Raittila, Hannu: Canal Grande

Genre: Roman

Klappentext:
Fünf Finnen wurden von der UNESCO entsandt, das sinkende Venedig vor dem Untergang zu bewahren. Doch die wissenschaftliche Delegation steht vor einer viel größeren Herausforderung, die seltsame venezianische Lebensart. Bald versinkt, was so seriös begann, in einem Chaos aus Alkohol, Korruption, Liebschaften und Naturgewalten.

Meine Einschätzung:
Was für ein herrlich schräger Venedigroman.

Fazit:
Wer seine romantische Vorstellung von Venedig überprüfen möchte, der sollte sich die Beschreibung der Stadt aus der Sicht von 3 Nordeuropäern zu Gemüte führen.

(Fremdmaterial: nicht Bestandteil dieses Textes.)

lemma closed_derivable: "derivable \<Gamma> \<phi> \<Longrightarrow> \<phi> \<in> \<Gamma>"
  using closed unfolding deductively_closed_def by blast

lemma closed_ConstCK: "ConstCK \<phi> \<Longrightarrow> \<phi> \<in> \<Gamma>"
  by (simp add: closed_derivable derivable.ax)

lemma closed_mp: "Imp \<phi> \<psi> \<in> \<Gamma> \<Longrightarrow> \<phi> \<in> \<Gamma> \<Longrightarrow> \<psi> \<in> \<Gamma>"
  by (meson closed_derivable derivable.assm derivable.mp)

lemma closed_ConstCK_mp: "ConstCK (Imp \<phi> \<psi>) \<Longrightarrow> \<phi> \<in> \<Gamma> \<Longrightarrow> \<psi> \<in> \<Gamma>"
  by (meson closed_ConstCK closed_mp)

lemma closed_Conj_iff: "Conj \<phi> \<psi> \<in> \<Gamma> \<longleftrightarrow> \<phi> \<in> \<Gamma> \<and> \<psi> \<in> \<Gamma>"
  by (meson closed_derivable derivable.assm derivable_Conj_iff)

lemma closed_Imp_iff: "Imp \<phi> \<psi> \<in> \<Gamma> \<longleftrightarrow> derivable (insert \<phi> \<Gamma>) \<psi>"
  by (meson closed_derivable derivable.assm derivable_Imp_iff)

lemma closed_BoxTo_if_derivable:
  "derivable (box_consequents \<phi> \<Gamma>) \<psi> \<Longrightarrow> BoxTo \<phi> \<psi> \<in> \<Gamma>"
proof (induction rule: derivable.induct)
  case (assm \<psi>)
  then show ?case by (simp add: box_consequents_def)
next
  case (ax \<psi>)
  then show ?case by (simp add: closed_ConstCK ConstCK_BoxTo_necessitation)
next
  case (mp \<chi> \<psi>)
  then have "BoxTo \<phi> (Conj (Imp \<chi> \<psi>) \<chi>) \<in> \<Gamma>"
    using ConstCK.CCbox closed_ConstCK_mp closed_Conj_iff by blast
  moreover have "ConstCK (Imp (Conj (Imp \<chi> \<psi>) \<chi>) \<psi>)"
    by (meson ConstCK_Imp_iff derivable.assm derivable.mp derivable_Conj_iff singletonI)
  ultimately show ?case
    using ConstCK_BoxTo_mono closed_ConstCK_mp by blast
qed

lemma closed_DiaTo_if_derivable:
  assumes "DiaTo \<phi> \<theta> \<in> \<Gamma>" and "derivable (insert \<theta> (box_consequents \<phi> \<Gamma>)) \<psi>"
  shows "DiaTo \<phi> \<psi> \<in> \<Gamma>"
proof -
  have "BoxTo \<phi> (Imp \<theta> \<psi>) \<in> \<Gamma>"
    using assms(2) by (simp add: closed_BoxTo_if_derivable derivable_Imp_iff)
  then show ?thesis
    using assms(1) ConstCK.CKdia closed_ConstCK_mp closed_mp by blast
qed

lemma closed_BoxTo_antecedent_cong:
  "ConstCK (Iff \<phi> \<phi>') \<Longrightarrow> BoxTo \<phi> \<psi> \<in> \<Gamma> \<longleftrightarrow> BoxTo \<phi>' \<psi> \<in> \<Gamma>"
  using ConstCK.RAbox ConstCK_Iff_iff closed_ConstCK_mp by blast

lemma closed_DiaTo_antecedent_cong:
  "ConstCK (Iff \<phi> \<phi>') \<Longrightarrow> DiaTo \<phi> \<psi> \<in> \<Gamma> \<longleftrightarrow> DiaTo \<phi>' \<psi> \<in> \<Gamma>"
  using ConstCK.RAdia ConstCK_Iff_iff closed_ConstCK_mp by blast

end

lemma prime_theory_closed: "prime_theory \<Gamma> \<Longrightarrow> deductively_closed \<Gamma>"
  by (simp add: prime_theory_def)

lemma prime_theory_Bot: "prime_theory \<Gamma> \<Longrightarrow> Bot \<notin> \<Gamma>"
  by (simp add: prime_theory_def)

lemma prime_theory_Disj_iff: "prime_theory \<Gamma> \<Longrightarrow> Disj \<phi> \<psi> \<in> \<Gamma> \<longleftrightarrow> \<phi> \<in> \<Gamma> \<or> \<psi> \<in> \<Gamma>"
  unfolding prime_theory_def by (meson ConstCK.D1 ConstCK.D2 closed_ConstCK_mp)

lemma prime_theory_DiaTo_Bot: "prime_theory \<Gamma> \<Longrightarrow> DiaTo \<phi> Bot \<notin> \<Gamma>"
  using ConstCK.CNdia[of \<phi>, unfolded Neg_def] closed_ConstCK_mp prime_theory_closed prime_theory_Bot
  by blast

lemma exists_maximal_non_derivable:
  assumes "\<not> derivable \<Gamma> \<phi>"
  shows "\<exists>M. \<Gamma> \<subseteq> M \<and> \<not> derivable M \<phi> \<and> (\<forall>\<chi>. \<chi> \<notin> M \<longrightarrow> derivable (insert \<chi> M) \<phi>)"
proof -
  define A where "A = {\<Delta>. \<Gamma> \<subseteq> \<Delta> \<and> \<not> derivable \<Delta> \<phi>}"
  have "\<exists>M\<in>A. \<forall>\<Delta>\<in>A. M \<subseteq> \<Delta> \<longrightarrow> \<Delta> = M"
  proof (rule subset_Zorn_nonempty)
    show "A \<noteq> {}" using assms A_def by blast
  next
    fix C assume C: "C \<noteq> {}" "subset.chain A C"
    then have "C \<subseteq> A" by (simp add: subset.chain_def)
    have "\<not> derivable (\<Union>C) \<phi>"
    proof
      assume "derivable (\<Union>C) \<phi>"
      then obtain F where F: "finite F" "F \<subseteq> \<Union>C" "derivable F \<phi>"
        using derivable_finite_subset by blast
      then obtain \<Delta> where "\<Delta> \<in> C" "F \<subseteq> \<Delta>"
        using finite_subset_Union_chain[OF F(1,2) C] by blast
      then show False using F(3) derivable_mono \<open>C \<subseteq> A\<close> A_def by blast
    qed
    then show "\<Union>C \<in> A" using C \<open>C \<subseteq> A\<close> A_def by blast
  qed
  then obtain M where "M \<in> A" and max: "\<And>\<Delta>. \<Delta> \<in> A \<Longrightarrow> M \<subseteq> \<Delta> \<Longrightarrow> \<Delta> = M"
    by blast
  have "derivable (insert \<chi> M) \<phi>" if "\<chi> \<notin> M" for \<chi>
    using max[of "insert \<chi> M"] that \<open>M \<in> A\<close> unfolding A_def by blast
  with \<open>M \<in> A\<close> show ?thesis
    unfolding A_def by blast
qed

lemma prime_theory_if_maximal_non_derivable:
  assumes "\<not> derivable M \<phi>" and max: "\<And>\<chi>. \<chi> \<notin> M \<Longrightarrow> derivable (insert \<chi> M) \<phi>"
  shows "prime_theory M"
proof -
  have closed: "deductively_closed M"
    using assms derivable.mp derivable_Imp_iff unfolding deductively_closed_def by blast
  have "Bot \<notin> M"
    using assms(1) by (meson ConstCK.EFQ derivable.assm derivable.ax derivable.mp)
  moreover have "\<chi> \<in> M \<or> \<theta> \<in> M" if "Disj \<chi> \<theta> \<in> M" for \<chi> \<theta>
  proof (rule ccontr)
    assume "\<not> (\<chi> \<in> M \<or> \<theta> \<in> M)"
    then have "derivable M (Imp \<chi> \<phi>)" and "derivable M (Imp \<theta> \<phi>)"
      using max derivable_Imp_iff by blast+
    then have "derivable M \<phi>"
      using that by (meson ConstCK.D3 derivable.assm derivable.ax derivable.mp)
    with assms(1) show False ..
  qed
  ultimately show ?thesis
    using closed by (simp add: prime_theory_def)
qed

Meyer, Kai: Die fließende Königin

Genre: Fantasy für Kinder/Jugendliche

Brennende Schatten (Vorgeschichte)
Die fließende Königin
Das steinerne Licht
Das gläserne Wort

Heute habe ich die letzte Minute von Kai Meyers Trilogie beim Bügeln gehört. Die Mädels und ich haben die Hörbücher auf langen Autofahrten gehört. Um sie alleine zu Hause zu hören, war die Geschichte für die Mädchen doch etwas zu gruselig und traurig.
Die Geschichte spielt in Venedig, das von einem grausamen Krieg bedroht wird. Ein wiederauferstandener ägyptischer Pharao will die Weltherrschaft an sich reißen und steht nun vor den Brücken Venedigs.Dort leistet ihm eine kleine Gruppe von Waisenkindern Widerstand, die sich aufmachen, die Welt zu retten. Merle und ihre Freunde retten die Fließende Königin, eine mystische Gestalt, die bisher die Stadt beschützt hat und suchen Hilfe bei fliegenden Steinlöwen und Meerjungfrauen. Sie werden bedroht von dämonische Kreaturen, von seelenlosen Mumienkriegern, gewissenlosen Horus-Priestern und brutalen Sphinxen und, um es vorweg zu nehmen: Es gibt kein richtiges Happy-End.
Also, das ist keine leichte Lektüre (bzw. Horchtüre), aber spannend. Kai Meyer entwirft eine ausgefeilte, brutale, gruselige, groteske Parallelwelt, in der alles möglich scheint. Die Hauptfiguren geraten oft in ausweglose Situationen und können sich häufig nur unter tragischen Verlusten daraus befreien. Sie kämpfen für ihre Freiheit, für die Freiheit der Menschheit und für die Freundschaft.
Den Kindern und mir haben besonders die fantasievollen Figuren gefallen, Meerjungfrauen mit wunderschönen Augen, aber mit häßliche Haifischmündern, die z.B. auf den Namen Unke hören. Oder Sphinx-Frauen, die ihre Gestalt wandeln können und Lalapeia heißen. Auch der tapfere, fliegende Steinlöwe Vermitrax, dessen Volk niedergemetzelt wurde, wächst dem Hörer ans Herz.

Fazit: Wer fantasievolle, spannende, tragische und ungewöhnliche Geschichten mag, der sollte es mal mit Kai Meyer probieren.